Возьмите, например, такое понятие, как «смерть», вернее, символ смерти, потому что понятия смерти быть не может. Если мы видим это в тексте — а сквозь античные тексты все время просвечивает облик смерти[5]*, — то мы не должны думать, что речь идет об эмпирическом явлении, что тем самым философское рассуждение есть якобы рассуждение об эмпирически известном нам психологическом и физическом явлении, или акте, или событии, смерти. Этот символ взят именно потому, что он в предельно мыслимо возможном виде представляет некоторые другие предметы, и вещи, и события и поэтому представляется удобным способом рассуждения о них. Скажем, в символе смерти зашифровано и упаковано в предельном виде свойство времени. Наше движение во времени (всякое движение осуществляется во времени) дискретно, мы никогда впереди себя не можем иметь нечто, что с необходимостью вытекает из предыдущего, — нельзя иметь мысль хотением мысли, нельзя волноваться желанием волноваться, нельзя вдохновляться желанием вдохновляться. Оказывается, тот факт, что мы вдохновляемся, не вытекает из того, что было перед этим, и на эту фундаментальную дискретность (это очень важный, чисто стилистически, пункт для понимания философского рассуждения) и на свойство этой дискретности указывает смерть, потому что смерть как раз выражает это в предельном виде, поскольку, зная, что мы умрем, мы не знаем, когда это случится.

Более того, смерть завершает нашу жизнь, и только в смерти она завершена и выявлен ее полный смысл. Вспомните тех братьев, которые на колеснице оказались первыми, и мать выпрашивала у бога самую лучшую награду для них, и бог наградил их смертью, поскольку их жизнь полностью завершена славой, а дальше неизвестно, что будет[6]*. Эта завершенность и, с другой стороны, дискретность, то есть отсутствие связи предшествующего с последующим, — все это лучше всего проглядывает через облик смерти. Такие понятия и являются предельными понятиями.

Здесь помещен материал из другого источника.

theorem proposition1:
  fixes M :: "('a :: finite, 'p :: countable, 'w) kmodel"
    and X :: "'x :: countable itself"
  assumes "local_epistemic M"
  shows "(\<forall>w\<in>W M. \<forall>w'\<in>W M. cls M w = cls M w' \<longrightarrow>
            dom M w = dom M w' \<and> (\<forall>p. val M p w = val M p w'))
       \<and> proper_local_epistemic (properization M)
       \<and> (\<forall>w\<in>W M. bisimilar M w (properization M) (cls M w)
                    \<and> log_equiv M w (properization M) (cls M w) X)
       \<and> (proper_local_epistemic M \<longrightarrow> isomorphic M (properization M))"
proof (intro conjI)
  have "dom M w = dom M w' \<and> (\<forall>p. val M p w = val M p w')"
    if "w \<in> W M" and "w' \<in> W M" and "cls M w = cls M w'" for w w'
    using cls_eq_same[OF assms that] by blast
  then show "\<forall>w\<in>W M. \<forall>w'\<in>W M. cls M w = cls M w' \<longrightarrow>
               dom M w = dom M w' \<and> (\<forall>p. val M p w = val M p w')"
    by blast
  show "proper_local_epistemic (properization M)"
    using proper_local_epistemic_properization[OF assms] .
  show "\<forall>w\<in>W M. bisimilar M w (properization M) (cls M w)
                 \<and> log_equiv M w (properization M) (cls M w) X"
    by (simp add: bisimilar_properization[OF assms] bisimilar_imp_log_equiv)
  show "proper_local_epistemic M \<longrightarrow> isomorphic M (properization M)"
    using isomorphic_properization[OF assms] ..
qed

end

Обозначим здесь две самые интересные вещи. Во-первых, такой, я бы сказал, сумасшедший сдвиг мышления, поворот глаз: мир, казалось бы, тот же самый, что перед мифом, перед традиционным архаическим человеком (вы можете увидеть это по материалу первых греческих философов, включая Платона: сам язык у них полон знакомых архаическому человеку мифических, архаических образов, ассоциаций, представлений), — предметы, казалось бы, те же самые, но на них иначе смотрят. Собственно, поэтому у Платона и появляется замечательный образ, которым он хочет пояснить, что такое мышление. Он говорит, что в общем-то все, что мы видим, не мышление. Мышление — это когда повернуты глаза души[7]*, то есть наши глаза, реальные глаза смотрят на то же самое, они те же самые, что у всех, но можно увидеть нечто, не обходя вокруг предмета и не глядя на него реальными глазами, а повернув глаза души. Этим образом «поворота глаз души» греки хотят обозначить то новое, что возникло и чему они со страстью предавались, то, что можно назвать отвлеченным мышлением (что и есть философия и из чего возникло так называемое научное мышление).



И второе обстоятельство — это проблема отличения философии от мифа, знаменитая проблема — от мифа к логосу[8]*. Разные авторы по-разному проводят границу между мифом и логосом. Этот факт различного и всякий раз убедительного проведения границы говорит о том, что сама проблема ускользает и не поддается однозначному решению. Тем не менее каждому человеку дана способность интуитивно узнавать тексты, но, когда мы пожелаем эксплицировать нашу интуицию — не получается. И вот через то, чего определить мы не можем, но что интуитивно понимаем, или воспринимаем, как философию, или философское явление, проходит довольно четкая нить. Связана она, конечно, с тем, что я назвал реальной философией (в отличие от теоретической философии или философии как учения о системах), философией, которая закодирована в некоторых условиях сознательной человеческой жизни (в той мере, в какой она реализуется как сознательная человеческая жизнь).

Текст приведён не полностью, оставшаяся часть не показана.